Work request: Go from the first line below to the one with "using uv by" and print each line exactly.

+ + + +

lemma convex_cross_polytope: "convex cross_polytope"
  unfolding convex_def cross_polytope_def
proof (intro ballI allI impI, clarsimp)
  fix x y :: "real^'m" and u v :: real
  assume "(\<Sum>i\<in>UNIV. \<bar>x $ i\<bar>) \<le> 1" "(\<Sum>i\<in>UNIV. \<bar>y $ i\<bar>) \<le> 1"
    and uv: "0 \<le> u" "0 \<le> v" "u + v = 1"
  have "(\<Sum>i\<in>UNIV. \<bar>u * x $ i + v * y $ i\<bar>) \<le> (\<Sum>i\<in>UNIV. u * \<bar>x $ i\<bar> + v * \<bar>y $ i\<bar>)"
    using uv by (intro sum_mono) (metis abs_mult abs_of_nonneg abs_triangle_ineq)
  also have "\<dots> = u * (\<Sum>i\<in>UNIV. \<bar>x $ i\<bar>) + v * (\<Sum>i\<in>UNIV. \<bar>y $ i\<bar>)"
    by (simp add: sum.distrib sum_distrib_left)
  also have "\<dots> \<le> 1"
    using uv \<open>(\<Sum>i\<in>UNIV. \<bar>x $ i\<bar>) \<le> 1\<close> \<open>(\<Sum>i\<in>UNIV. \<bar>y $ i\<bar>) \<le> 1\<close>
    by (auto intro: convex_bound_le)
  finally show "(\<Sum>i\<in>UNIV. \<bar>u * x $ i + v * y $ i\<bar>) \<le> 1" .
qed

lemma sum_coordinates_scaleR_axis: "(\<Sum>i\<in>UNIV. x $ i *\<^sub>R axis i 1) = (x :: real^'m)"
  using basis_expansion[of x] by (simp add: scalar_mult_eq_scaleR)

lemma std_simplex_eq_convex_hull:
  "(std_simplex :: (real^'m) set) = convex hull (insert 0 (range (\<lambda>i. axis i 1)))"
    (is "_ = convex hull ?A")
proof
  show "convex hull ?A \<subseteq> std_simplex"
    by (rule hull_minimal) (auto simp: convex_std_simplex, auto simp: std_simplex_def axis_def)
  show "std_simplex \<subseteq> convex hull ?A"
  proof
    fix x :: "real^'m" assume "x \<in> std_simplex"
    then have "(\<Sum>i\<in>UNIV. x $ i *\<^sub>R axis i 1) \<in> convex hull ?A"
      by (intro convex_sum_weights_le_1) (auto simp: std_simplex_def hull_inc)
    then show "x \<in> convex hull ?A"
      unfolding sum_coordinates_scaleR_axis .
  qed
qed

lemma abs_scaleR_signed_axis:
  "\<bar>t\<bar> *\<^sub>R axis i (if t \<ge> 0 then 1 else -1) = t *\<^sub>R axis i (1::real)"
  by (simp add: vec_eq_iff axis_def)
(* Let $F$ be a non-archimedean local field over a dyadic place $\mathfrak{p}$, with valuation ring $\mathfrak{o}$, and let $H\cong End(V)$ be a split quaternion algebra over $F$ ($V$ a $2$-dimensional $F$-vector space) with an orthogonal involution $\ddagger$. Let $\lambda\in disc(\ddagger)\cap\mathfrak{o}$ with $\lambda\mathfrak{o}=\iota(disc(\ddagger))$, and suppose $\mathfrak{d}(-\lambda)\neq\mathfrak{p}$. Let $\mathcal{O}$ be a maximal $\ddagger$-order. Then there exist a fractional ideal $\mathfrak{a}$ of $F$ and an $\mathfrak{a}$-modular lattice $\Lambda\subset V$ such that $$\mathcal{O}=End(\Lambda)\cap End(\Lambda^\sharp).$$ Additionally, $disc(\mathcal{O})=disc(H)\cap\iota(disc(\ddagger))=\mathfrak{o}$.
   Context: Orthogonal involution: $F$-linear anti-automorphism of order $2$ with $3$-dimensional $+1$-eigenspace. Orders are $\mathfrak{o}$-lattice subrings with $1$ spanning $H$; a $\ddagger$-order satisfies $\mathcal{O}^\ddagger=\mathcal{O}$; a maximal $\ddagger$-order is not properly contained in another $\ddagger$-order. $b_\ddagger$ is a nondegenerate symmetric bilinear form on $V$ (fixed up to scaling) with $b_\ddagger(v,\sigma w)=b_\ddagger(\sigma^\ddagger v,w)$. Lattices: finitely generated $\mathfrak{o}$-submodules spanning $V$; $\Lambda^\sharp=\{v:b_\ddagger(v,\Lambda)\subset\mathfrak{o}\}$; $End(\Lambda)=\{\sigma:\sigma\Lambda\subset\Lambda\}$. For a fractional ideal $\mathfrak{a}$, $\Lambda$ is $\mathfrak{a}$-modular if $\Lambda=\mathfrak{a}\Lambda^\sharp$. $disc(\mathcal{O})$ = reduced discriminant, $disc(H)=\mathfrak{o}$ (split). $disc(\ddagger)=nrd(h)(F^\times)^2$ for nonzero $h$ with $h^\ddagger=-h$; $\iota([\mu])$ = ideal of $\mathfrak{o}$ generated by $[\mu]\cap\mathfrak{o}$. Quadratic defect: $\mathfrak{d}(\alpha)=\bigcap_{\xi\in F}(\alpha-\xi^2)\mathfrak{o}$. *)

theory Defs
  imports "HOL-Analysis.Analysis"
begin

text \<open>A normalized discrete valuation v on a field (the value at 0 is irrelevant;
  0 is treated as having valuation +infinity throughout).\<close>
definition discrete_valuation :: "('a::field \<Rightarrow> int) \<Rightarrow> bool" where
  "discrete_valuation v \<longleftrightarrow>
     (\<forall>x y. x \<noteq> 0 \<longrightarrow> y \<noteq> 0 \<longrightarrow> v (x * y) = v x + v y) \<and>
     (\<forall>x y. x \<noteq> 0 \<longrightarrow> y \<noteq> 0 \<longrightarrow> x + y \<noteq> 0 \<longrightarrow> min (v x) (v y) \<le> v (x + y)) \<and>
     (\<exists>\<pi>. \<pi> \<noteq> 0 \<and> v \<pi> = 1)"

+ + + +

Exercise response:
lemma convex_cross_polytope: "convex cross_polytope"
  unfolding convex_def cross_polytope_def
proof (intro ballI allI impI, clarsimp)
  fix x y :: "real^'m" and u v :: real
  assume "(\<Sum>i\<in>UNIV. \<bar>x $ i\<bar>) \<le> 1" "(\<Sum>i\<in>UNIV. \<bar>y $ i\<bar>) \<le> 1"
    and uv: "0 \<le> u" "0 \<le> v" "u + v = 1"
  have "(\<Sum>i\<in>UNIV. \<bar>u * x $ i + v * y $ i\<bar>) \<le> (\<Sum>i\<in>UNIV. u * \<bar>x $ i\<bar> + v * \<bar>y $ i\<bar>)"
    using uv by (intro sum_mono) (metis abs_mult abs_of_nonneg abs_triangle_ineq)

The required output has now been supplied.